Разрыв между скучными песнями земли и звуками небес, тоска сосны по воображаемой нездешней пальме — основные черты романтизма как психологической категории, неизменно пребывающей в веках и принимающей разные обличья во времени, согласно велениям определенной эпохи. Одним из таких исторических воплощений был романтизм как литературное движение на Западе конца XVIII и начала XIX столетия.
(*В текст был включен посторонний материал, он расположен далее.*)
(* Let $\Omega\subset\mathbb{C}$ be a bounded domain with smooth boundary, let $p_1,\dots,p_n\in\Omega$, and let $u$ be a solution of $\Delta u=e^{2u}$ in $\Omega-\{p_1,\dots,p_n\}$ with $u(x)\to+\infty$ as $x$ approaches $\partial\Omega$ or any $p_l$. Suppose that for each $l=1,\dots,n$, $$u(x)\ge-\log\Bigl(-r_l\,|x-p_l|\,\log\Bigl(\frac{|x-p_l|}{r_l}\Bigr)\Bigr)$$ near $p_l$, where $r_l>0$ is such that $B_{r_l}(p_l)\supset\Omega$. Then there exists a constant $C$ such that $$\Bigl|u(x)+\log\bigl(-|x-p_l|\log|x-p_l|\bigr)\Bigr|<C$$ in a neighborhood of $p_l$, for all $l=1,\dots,n$.
   Context: $\Delta$ is the Euclidean Laplacian; $B_r(p)$ is the open Euclidean disk of radius $r$ centered at $p$. *)

theory Defs
  imports "HOL-Analysis.Analysis"
begin

definition dx :: "(complex \<Rightarrow> real) \<Rightarrow> complex \<Rightarrow> real" where
  "dx f = (\<lambda>z. frechet_derivative f (at z) 1)"

definition dy :: "(complex \<Rightarrow> real) \<Rightarrow> complex \<Rightarrow> real" where
  "dy f = (\<lambda>z. frechet_derivative f (at z) \<i>)"

definition C_inf_on :: "complex set \<Rightarrow> (complex \<Rightarrow> real) \<Rightarrow> bool" where
  "C_inf_on U f \<longleftrightarrow> (\<exists>F. f \<in> F \<and> (\<forall>g\<in>F. g differentiable_on U \<and> dx g \<in> F \<and> dy g \<in> F))"

definition C2_on :: "complex set \<Rightarrow> (complex \<Rightarrow> real) \<Rightarrow> bool" where
  "C2_on U f \<longleftrightarrow> f differentiable_on U \<and> dx f differentiable_on U \<and> dy f differentiable_on U
     \<and> continuous_on U (dx (dx f)) \<and> continuous_on U (dy (dx f))
     \<and> continuous_on U (dx (dy f)) \<and> continuous_on U (dy (dy f))"

definition laplacian :: "(complex \<Rightarrow> real) \<Rightarrow> complex \<Rightarrow> real" where
  "laplacian f z = dx (dx f) z + dy (dy f) z"

definition smooth_boundary :: "complex set \<Rightarrow> bool" where
  "smooth_boundary \<Omega> \<longleftrightarrow> (\<forall>z\<in>frontier \<Omega>. \<exists>V \<rho>. open V \<and> z \<in> V \<and> C_inf_on V \<rho>
      \<and> (\<forall>x\<in>V. (dx \<rho> x, dy \<rho> x) \<noteq> (0, 0))
      \<and> \<Omega> \<inter> V = {x\<in>V. \<rho> x < 0})"

end

(*
  Everything rests on a comparison principle for Delta u = exp (2 u): if v (x) = G (|x - c|^2)
  satisfies Delta v <= exp (2 v) on a bounded open set D and v - u tends to +infinity at the
  frontier of D, then u <= v on D, because at an interior maximum of u - v one would have
  exp (2 u) = Delta u <= Delta v <= exp (2 v) < exp (2 u).

  Osserman's barrier ln (2 R / (R^2 - |x - c|^2)) on discs gives u (x) <= ln 4 - ln |x - p| near
  a puncture p. This a priori bound lets the barriers -ln r - ln (ln (rho / r)) + e ln (rho / r),
  r = |x - p|, dominate u on a punctured disc for every e > 0, and e -> 0 yields
  u <= -ln (r ln (rho / r)). Together with the assumed lower bound this traps
  u + ln (-r ln r) between two constants near each puncture.
*)
theory Submission
  imports Defs "HOL-Real_Asymp.Real_Asymp"
begin

lemma local_max_imp_second_derivative_nonpos:
  fixes g g' :: "real \<Rightarrow> real"
  assumes e: "e > 0"
    and g: "\<And>t. \<bar>t\<bar> < e \<Longrightarrow> (g has_real_derivative g' t) (at t)"
    and g': "(g' has_real_derivative c) (at 0)"
    and max: "\<And>t. \<bar>t\<bar> < e \<Longrightarrow> g t \<le> g 0"
  shows "c \<le> 0"
proof (rule ccontr)
  assume "\<not> c \<le> 0"
  hence "c > 0" by simp
  have "g' 0 = 0"
    by (rule DERIV_local_max[OF g[of 0] e]) (use e max in auto)
  obtain d where d: "d > 0" "\<And>h. h > 0 \<Longrightarrow> h < d \<Longrightarrow> g' 0 < g' (0 + h)"
    using DERIV_pos_inc_right[OF g' \<open>c > 0\<close>] by blast
  define t where "t = min d e / 2"
  have t: "t > 0" "t < d" "t < e" using d e by (auto simp: t_def)
  obtain z where z: "0 < z" "z < t" "g t - g 0 = (t - 0) * g' z"
    using MVT2[of 0 t g g'] t g by force
  have "g' z > 0" using d(2)[of z] z t \<open>g' 0 = 0\<close> by auto
  hence "t * g' z > 0" using t by simp
  hence "g t > g 0" using z by simp
  with max[of t] t show False by auto
qed

lemma has_real_derivative_along_line:
  fixes f :: "complex \<Rightarrow> real"
  assumes "f differentiable (at (z + of_real t * d))"
  shows "((\<lambda>s. f (z + of_real s * d)) has_real_derivative
           frechet_derivative f (at (z + of_real t * d)) d) (at t)"
proof -
  let ?f' = "frechet_derivative f (at (z + of_real t * d))"
  have "(f has_derivative ?f') (at (z + of_real t * d))"
    using assms frechet_derivative_works by blast
  moreover have "((\<lambda>s. z + of_real s * d) has_derivative (\<lambda>s. s *\<^sub>R d)) (at t)"
    by (auto intro!: derivative_eq_intros simp: scaleR_conv_of_real)
  ultimately have "((\<lambda>s. f (z + of_real s * d)) has_derivative (\<lambda>s. ?f' (s *\<^sub>R d))) (at t)"
    using diff_chain_at by (auto simp: o_def)
  moreover have "(\<lambda>s. ?f' (s *\<^sub>R d)) = (*) (?f' d)"
    using assms by (simp add: fun_eq_iff linear_scale[OF linear_frechet_derivative] ac_simps)
  ultimately show ?thesis
    by (simp add: has_field_derivative_def)
qed

lemma cmod_add_line_power2:
  assumes "cmod d = 1"
  shows "cmod (w + of_real s * d)^2 = (Re (cnj d * w) + s)^2 + (cmod w^2 - Re (cnj d * w)^2)"
proof -
  have "Re d^2 + Im d^2 = 1" using assms by (simp add: cmod_power2 [symmetric])
  thus ?thesis by (simp add: cmod_power2) algebra
qed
Он достиг расцвета и огромного влияния, создал свой стиль и эстетическую теорию, воплотил в себе мятежную энергию, развязанную французской революцией, ее мечты и тоску, ее победы и падения.
Цветаева романтиком родилась, романтизм ее был природным, и она его громко утверждала: из-за этого многие обвиняли ее чуть ли не в актерстве и выверте — но те, кто хорошо знал ее, отлично видели всю естественность ее порывов, ее бунта и всего, что неправильно именовали ее «неистовством». Она сама себя правильно определила:
Такой ее создал Бог, и такой она себя видела и принимала. Она отталкивалась от будничной реальности и совершенно искренне признавалась: «Я не люблю жизни как таковой — для меня она начинает значить, т. е. обретать смысл и вес, только в искусстве. Если бы меня взяли за океан, в рай и запретили писать, я бы отказалась от океана и рая. Мне вещь сама по себе не нужна». И опять-таки многим были не по душе ее постоянное самоутверждение (которое некоторые называли отсутствием скромности), ее гордость и та неудобная прямота, с которой она говорила о своей бедности, унижениях и ежедневных трудностях существования. На самом деле это была непоколебимая уверенность поэта в своей непохожести на других, в своем даре — от Бога — от рода — от судьбы. Она всегда повторяла, что, если красавица делает вид, будто и не подозревает о своей красоте, она либо глупа, либо фальшивая кокетка. Сознание своей силы — правда, а не порок. Она часто мне говорила, что всегда находит в Пушкине и Гёте сознание их собственной силы — и радость от этого сознания. Она не оригинальничала, она была оригинальна и этим отпугивала глупцов, ханжей и пуританских скромников, иногда скрывавшихся под псевдоклассической маской. В эгоцентризме, типичном для большого поэта, они видели самовлюбленность и агрессивность. Впрочем, сама МИ часто давала повод к такому ложному мнению: иногда она попросту не видела окружающих, и они принимали ее уход в себя за презрение, она могла быть сухой, несправедливой и жестокой как раз с людьми, старавшимися ей помочь. Но не надо забывать каторжных условий ее существования, ее вечной обиды на судьбу: мыть посуду, готовить обед, подметать, чинить белье может каждая, а она еще умела писать стихи, но не могла отдаться им целиком именно из-за обеда, посуды, подметания, из-за всего этого обязательного труда — она себя называла чернорабочей, — и никто ее от него не избавил, и чернила приходилось разбавлять водой, потому что на новую бутылочку не хватало денег, и творить можно было лишь по ночам или рано утром, за кухонным столом вместо письменного. К жизни она была не приспособлена, но бремя свое несла честно, упорно — из сильно развитого чувства долга — по отношению к мужу, детям, семье. Быт и все повинности физического труда ненавидела, мелкие заботы не давали ей возможности отдаться писанию, она теряла время и силы на ненужное, изматывавшее и предвидела, что никогда ей не удастся творить без помех, на свободе.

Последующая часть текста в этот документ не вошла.